Business Overview

This rapidly growing agriculture and heavy equipment sales business provides sales of new and high-quality, used equipment for the agricultural, construction, industrial, trucking, and gas & oil industries worldwide. Approximately 95% of the revenue from this business is derived from internet sales stemming from cutting-edge technology, target marketing, modern advertising techniques, and online auctions. The business also maintains a strategically-located Midwest headquarters from which new and used equipment is displayed and sold, and the e-commerce business is managed.
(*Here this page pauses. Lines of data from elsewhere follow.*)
text \<open>The \<open>\<epsilon>\<close> keeps the square roots differentiable where some \<open>f j\<close> vanishes.\<close>
lemma regularized_norms_growth_bound:
  fixes f f' :: "'j \<Rightarrow> real \<Rightarrow> complex" and e :: "'j \<Rightarrow> real" and g :: "'j \<Rightarrow> real \<Rightarrow> real"
  assumes F: "finite F" and t: "0 \<le> t" "t \<le> T" and eps: "\<epsilon> > 0"
    and deriv: "\<And>j s. j \<in> F \<Longrightarrow> s \<in> {0..T} \<Longrightarrow> (f j has_vector_derivative f' j s) (at s within {0..T})"
    and B: "continuous_on {0..T} B"
    and e0: "\<And>j. e j \<ge> 0"
    and ineq: "\<And>j s. j \<in> F \<Longrightarrow> s \<in> {0..T} \<Longrightarrow> Re (cnj (f j s) * f' j s) \<le> cmod (f j s) * g j s"
    and g0: "\<And>j s. j \<in> F \<Longrightarrow> s \<in> {0..T} \<Longrightarrow> g j s \<ge> 0"
    and gB: "\<And>s. s \<in> {0..T} \<Longrightarrow> (\<Sum>j\<in>F. e j * g j s) \<le> B s"
  shows "(\<Sum>j\<in>F. e j * sqrt ((cmod (f j t))\<^sup>2 + \<epsilon>\<^sup>2)) \<le>
    (\<Sum>j\<in>F. e j * sqrt ((cmod (f j 0))\<^sup>2 + \<epsilon>\<^sup>2)) + integral {0..t} B"
proof -
  define q where "q j s = sqrt ((cmod (f j s))\<^sup>2 + \<epsilon>\<^sup>2)" for j s
  define I where "I s = integral {0..s} B" for s
  define \<phi> where "\<phi> s = (\<Sum>j\<in>F. e j * q j s) - I s" for s
  have I_deriv: "(I has_real_derivative B s) (at s within {0..T})" if "s \<in> {0..T}" for s
    unfolding I_def has_real_derivative_iff_has_vector_derivative
    by (rule integral_has_vector_derivative[OF B that])
  have \<phi>_deriv: "(\<phi> has_real_derivative (\<Sum>j\<in>F. e j * (Re (cnj (f j s) * f' j s) / q j s)) - B s)
      (at s within {0..T})" if "s \<in> {0..T}" for s
    unfolding \<phi>_def q_def
    by (intro DERIV_diff DERIV_sum DERIV_cmult has_real_derivative_sqrt_cmod_square deriv eps that I_deriv)
  have \<phi>_cont: "continuous_on {0..T} \<phi>"
    using \<phi>_deriv by (meson DERIV_continuous continuous_on_eq_continuous_within)
  have "\<phi> t \<le> \<phi> 0"
  proof (rule DERIV_nonpos_imp_decreasing_open[OF t(1)])
    show "continuous_on {0..t} \<phi>" by (rule continuous_on_subset[OF \<phi>_cont]) (use t in auto)
  next
    fix x assume x: "0 < x" "x < t"
    then have xT: "x \<in> {0..T}" and xi: "x \<in> interior {0..T}" using t by auto
    have deriv_x: "(\<phi> has_real_derivative (\<Sum>j\<in>F. e j * (Re (cnj (f j x) * f' j x) / q j x)) - B x) (at x)"
      using \<phi>_deriv[OF xT] by (simp add: at_within_interior[OF xi])
    have "Re (cnj (f j x) * f' j x) / q j x \<le> g j x" if j: "j \<in> F" for j
      unfolding q_def using ineq[OF j xT] g0[OF j xT] eps by (rule Re_cnj_mult_div_sqrt_le)
    then have "(\<Sum>j\<in>F. e j * (Re (cnj (f j x) * f' j x) / q j x)) \<le> (\<Sum>j\<in>F. e j * g j x)"
      by (intro sum_mono mult_left_mono e0)
    then have "(\<Sum>j\<in>F. e j * (Re (cnj (f j x) * f' j x) / q j x)) - B x \<le> 0"
      using gB[OF xT] by linarith
    with deriv_x show "\<exists>y. (\<phi> has_real_derivative y) (at x) \<and> y \<le> 0" by blast
  qed
  then show ?thesis by (simp add: \<phi>_def q_def I_def)
qed

lemma weighted_norms_growth_bound:
  fixes f f' :: "'j \<Rightarrow> real \<Rightarrow> complex" and e :: "'j \<Rightarrow> real" and g :: "'j \<Rightarrow> real \<Rightarrow> real"
  assumes F: "finite F" and t: "0 \<le> t" "t \<le> T"
    and deriv: "\<And>j s. j \<in> F \<Longrightarrow> s \<in> {0..T} \<Longrightarrow> (f j has_vector_derivative f' j s) (at s within {0..T})"
    and B: "continuous_on {0..T} B"
    and e0: "\<And>j. e j \<ge> 0"
    and ineq: "\<And>j s. j \<in> F \<Longrightarrow> s \<in> {0..T} \<Longrightarrow> Re (cnj (f j s) * f' j s) \<le> cmod (f j s) * g j s"
    and g0: "\<And>j s. j \<in> F \<Longrightarrow> s \<in> {0..T} \<Longrightarrow> g j s \<ge> 0"
    and gB: "\<And>s. s \<in> {0..T} \<Longrightarrow> (\<Sum>j\<in>F. e j * g j s) \<le> B s"
  shows "(\<Sum>j\<in>F. e j * cmod (f j t)) \<le> (\<Sum>j\<in>F. e j * cmod (f j 0)) + integral {0..t} B"
proof (rule field_le_epsilon)
  fix d :: real assume d: "d > 0"
  define C where "C = (\<Sum>j\<in>F. e j)"
  define \<epsilon> where "\<epsilon> = d / (C + 1)"
  have C0: "C \<ge> 0" by (simp add: C_def e0 sum_nonneg)
  then have eps: "\<epsilon> > 0" using d by (simp add: \<epsilon>_def)
  have sqrt_le: "sqrt ((cmod (f j 0))\<^sup>2 + \<epsilon>\<^sup>2) \<le> cmod (f j 0) + \<epsilon>" for j
    using sqrt_add_square_le[of "(cmod (f j 0))\<^sup>2" \<epsilon>] eps by simp
  have "(\<Sum>j\<in>F. e j * cmod (f j t)) \<le> (\<Sum>j\<in>F. e j * sqrt ((cmod (f j t))\<^sup>2 + \<epsilon>\<^sup>2))"
    by (intro sum_mono mult_left_mono e0) (simp add: real_le_rsqrt)
  also have "\<dots> \<le> (\<Sum>j\<in>F. e j * sqrt ((cmod (f j 0))\<^sup>2 + \<epsilon>\<^sup>2)) + integral {0..t} B"
    by (rule regularized_norms_growth_bound[OF F t eps deriv B e0 ineq g0 gB])
  also have "(\<Sum>j\<in>F. e j * sqrt ((cmod (f j 0))\<^sup>2 + \<epsilon>\<^sup>2)) \<le> (\<Sum>j\<in>F. e j * (cmod (f j 0) + \<epsilon>))"
    using sqrt_le by (intro sum_mono mult_left_mono e0)
  also have "\<dots> = (\<Sum>j\<in>F. e j * cmod (f j 0)) + \<epsilon> * C"
    by (simp add: C_def algebra_simps sum.distrib sum_distrib_left)
  also have "\<epsilon> * C \<le> d" using d C0 by (simp add: \<epsilon>_def field_simps)
  finally show "(\<Sum>j\<in>F. e j * cmod (f j t)) \<le> (\<Sum>j\<in>F. e j * cmod (f j 0)) + integral {0..t} B + d"
    by simp
qed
  • Asking Price: $1,750,000
  • Cash Flow: $368,554
  • Gross Revenue: $4,131,788
  • EBITDA: $341,914
  • FF&E: $114,000
  • Inventory: $589,234
  • Inventory Included: N/A
  • Established: 2016

Detailed Information

  • Property Owned or Leased:Own
  • Property Included:Yes
  • Building Square Footage:N/A
  • Lot Size:N/A
  • Total Number of Employees:8
  • Furniture, Fixtures and Equipment:N/A
About The Facility:

The real estate includes nearly two acres of prominent commercial property on one of the highest traveled highways in the county. Included is a new facility with a shop, customer reception area, offices, conference room, and storage. The property is monitored with a security camera system.

Is Support & Training Included:

As required.

Purpose For Selling:

Focus on other business interests.

Pros and Cons:

This business is turn-key and modern, with an e-commerce website and an established following. It is in a great location, has excellent facilities, and well-trained employees.

Opportunities and Growth:

This business continues to grow with a nearly vertical sales trajectory since inception. It is poised for massive expansion with a new owner. The addition of more salespeople and support staff would generate increased revenue. The business could also further benefit from an expanded digital marketing plan and even stronger social media presence.

Additional Info

The venture was established in 2016, making the business 6 years old.
The deal doesn't include inventory valued at $589,234*, which ins't included in the suggested price.

The company has 8 employees and is situated in a building with estimated square footage of N/A sq ft.

Why is the Current Owner Selling The Business?

There are all kinds of reasons people decide to sell companies. Nevertheless, the genuine reason vs the one they say to you might be 2 absolutely different things. As an example, they might claim "I have a lot of various responsibilities" or "I am retiring". For lots of sellers, these factors stand. However, for some, these might just be excuses to try to conceal the reality of changing demographics, increased competitors, recent reduction in revenues, or a variety of various other reasons. This is why it is very crucial that you not rely absolutely on a vendor's word, however rather, utilize the seller's answer combined with your overall due diligence. This will paint a more realistic picture of the business's existing circumstance.

Existing Debts and Future Obligations

If the current company is in debt, which many companies are, then you will certainly have reason to consider this when valuating/preparing your deal. Lots of businesses finance loans so as to cover points such as inventory, payroll, accounts payable, so on and so forth. Remember that in some cases this can indicate that profit margins are too small. Lots of organisations fall under a revolving door of taking on debt as a way to pay back various other loans. In addition to debts, there may also be future commitments to think about. There may be an outstanding lease on equipment or the building where the business resides. The business might have existing contracts with vendors that should be met or might cause charges if canceled early.

Understanding the Customer Base, Competition and Area Demographics

How do companies in the location draw in new consumers? Often times, businesses have repeat consumers, which form the core of their day-to-day earnings. Particular elements such as brand-new competitors sprouting up around the location, roadway building, and employee turnover can affect repeat consumers and negatively affect future incomes. One important thing to consider is the area of the business. Is it in an extremely trafficked shopping mall, or is it concealed from the highway? Clearly, the more people that see the business on a regular basis, the higher the chance to construct a returning consumer base. A last thought is the basic area demographics. Is the business placed in a largely inhabited city, or is it located on the outside border of town? Just how might the neighborhood average home income influence future revenue prospects?